### AIM OF THE EXERCISE:
Look through the data below for the line with "At c) (Toffg", and transcribe it exactly together with each line after it up to and including the line with "i = tensor_list". Give nothing else.

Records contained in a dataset
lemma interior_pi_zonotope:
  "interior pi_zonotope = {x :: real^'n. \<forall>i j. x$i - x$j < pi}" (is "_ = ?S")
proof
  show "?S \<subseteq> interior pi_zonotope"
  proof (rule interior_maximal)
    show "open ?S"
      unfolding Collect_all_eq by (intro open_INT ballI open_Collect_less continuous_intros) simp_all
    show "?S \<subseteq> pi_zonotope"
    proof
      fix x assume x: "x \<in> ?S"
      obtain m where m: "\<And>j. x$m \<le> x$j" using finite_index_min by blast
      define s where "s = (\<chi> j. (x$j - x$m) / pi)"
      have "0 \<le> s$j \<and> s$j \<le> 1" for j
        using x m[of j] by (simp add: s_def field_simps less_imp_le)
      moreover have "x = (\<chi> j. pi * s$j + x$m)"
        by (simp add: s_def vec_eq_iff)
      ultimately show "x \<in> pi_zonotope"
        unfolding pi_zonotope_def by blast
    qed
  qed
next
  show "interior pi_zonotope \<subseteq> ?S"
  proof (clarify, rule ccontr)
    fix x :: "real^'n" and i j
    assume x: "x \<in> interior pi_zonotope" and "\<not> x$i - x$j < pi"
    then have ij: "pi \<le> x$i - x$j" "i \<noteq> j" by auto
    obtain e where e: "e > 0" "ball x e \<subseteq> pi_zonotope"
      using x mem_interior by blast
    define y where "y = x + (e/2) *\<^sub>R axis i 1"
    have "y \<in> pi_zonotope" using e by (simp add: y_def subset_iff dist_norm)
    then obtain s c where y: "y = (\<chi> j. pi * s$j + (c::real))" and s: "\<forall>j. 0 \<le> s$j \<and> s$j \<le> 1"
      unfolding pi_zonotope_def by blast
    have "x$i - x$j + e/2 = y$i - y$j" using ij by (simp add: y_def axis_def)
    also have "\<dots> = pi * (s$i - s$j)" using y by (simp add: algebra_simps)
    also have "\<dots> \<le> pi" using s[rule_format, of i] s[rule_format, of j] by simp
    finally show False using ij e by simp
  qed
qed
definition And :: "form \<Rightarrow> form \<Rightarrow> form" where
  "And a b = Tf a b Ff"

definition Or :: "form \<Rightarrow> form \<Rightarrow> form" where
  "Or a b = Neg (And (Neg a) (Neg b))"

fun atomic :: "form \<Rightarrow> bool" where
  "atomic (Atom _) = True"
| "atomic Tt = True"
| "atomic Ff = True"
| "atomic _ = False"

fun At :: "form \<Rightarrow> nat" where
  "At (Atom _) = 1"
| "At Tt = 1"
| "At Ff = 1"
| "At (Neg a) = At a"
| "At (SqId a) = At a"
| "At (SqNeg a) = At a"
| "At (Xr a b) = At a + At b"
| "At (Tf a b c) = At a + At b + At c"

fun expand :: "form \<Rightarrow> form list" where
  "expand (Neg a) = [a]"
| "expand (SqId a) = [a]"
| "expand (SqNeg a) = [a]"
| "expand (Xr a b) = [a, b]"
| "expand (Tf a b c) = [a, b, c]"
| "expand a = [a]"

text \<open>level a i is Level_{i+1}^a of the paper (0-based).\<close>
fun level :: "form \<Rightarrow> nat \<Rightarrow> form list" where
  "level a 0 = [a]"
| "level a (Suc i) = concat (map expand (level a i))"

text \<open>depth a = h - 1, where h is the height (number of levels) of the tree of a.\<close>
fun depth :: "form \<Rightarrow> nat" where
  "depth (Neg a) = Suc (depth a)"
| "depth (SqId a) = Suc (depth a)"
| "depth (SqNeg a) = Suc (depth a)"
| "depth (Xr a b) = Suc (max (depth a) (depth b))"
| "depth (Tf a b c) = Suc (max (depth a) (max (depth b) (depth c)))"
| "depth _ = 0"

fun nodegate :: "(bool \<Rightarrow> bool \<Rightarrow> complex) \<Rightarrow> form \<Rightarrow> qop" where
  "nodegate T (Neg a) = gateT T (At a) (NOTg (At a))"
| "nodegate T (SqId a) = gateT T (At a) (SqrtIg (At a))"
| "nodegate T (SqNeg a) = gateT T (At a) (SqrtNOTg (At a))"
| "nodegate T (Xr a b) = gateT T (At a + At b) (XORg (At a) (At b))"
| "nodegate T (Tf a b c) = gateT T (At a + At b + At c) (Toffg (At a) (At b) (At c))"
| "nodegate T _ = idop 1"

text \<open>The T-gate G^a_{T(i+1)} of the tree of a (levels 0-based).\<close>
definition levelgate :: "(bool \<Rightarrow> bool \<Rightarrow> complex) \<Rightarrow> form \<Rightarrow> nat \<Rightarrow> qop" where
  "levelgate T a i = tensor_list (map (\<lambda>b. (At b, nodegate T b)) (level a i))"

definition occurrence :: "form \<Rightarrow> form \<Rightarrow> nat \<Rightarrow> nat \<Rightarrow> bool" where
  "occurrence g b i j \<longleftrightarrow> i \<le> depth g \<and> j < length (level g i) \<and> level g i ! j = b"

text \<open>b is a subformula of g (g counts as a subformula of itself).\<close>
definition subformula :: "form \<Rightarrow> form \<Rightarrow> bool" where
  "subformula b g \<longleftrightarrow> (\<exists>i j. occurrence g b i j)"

### TASK ANSWER:
| "nodegate T (Tf a b c) = gateT T (At a + At b + At c) (Toffg (At a) (At b) (At c))"
| "nodegate T _ = idop 1"

text \<open>The T-gate G^a_{T(i+1)} of the tree of a (levels 0-based).\<close>
definition levelgate :: "(bool \<Rightarrow> bool \<Rightarrow> complex) \<Rightarrow> form \<Rightarrow> nat \<Rightarrow> qop" where
  "levelgate T a i = tensor_list (map (\<lambda>b. (At b, nodegate T b)) (level a i))"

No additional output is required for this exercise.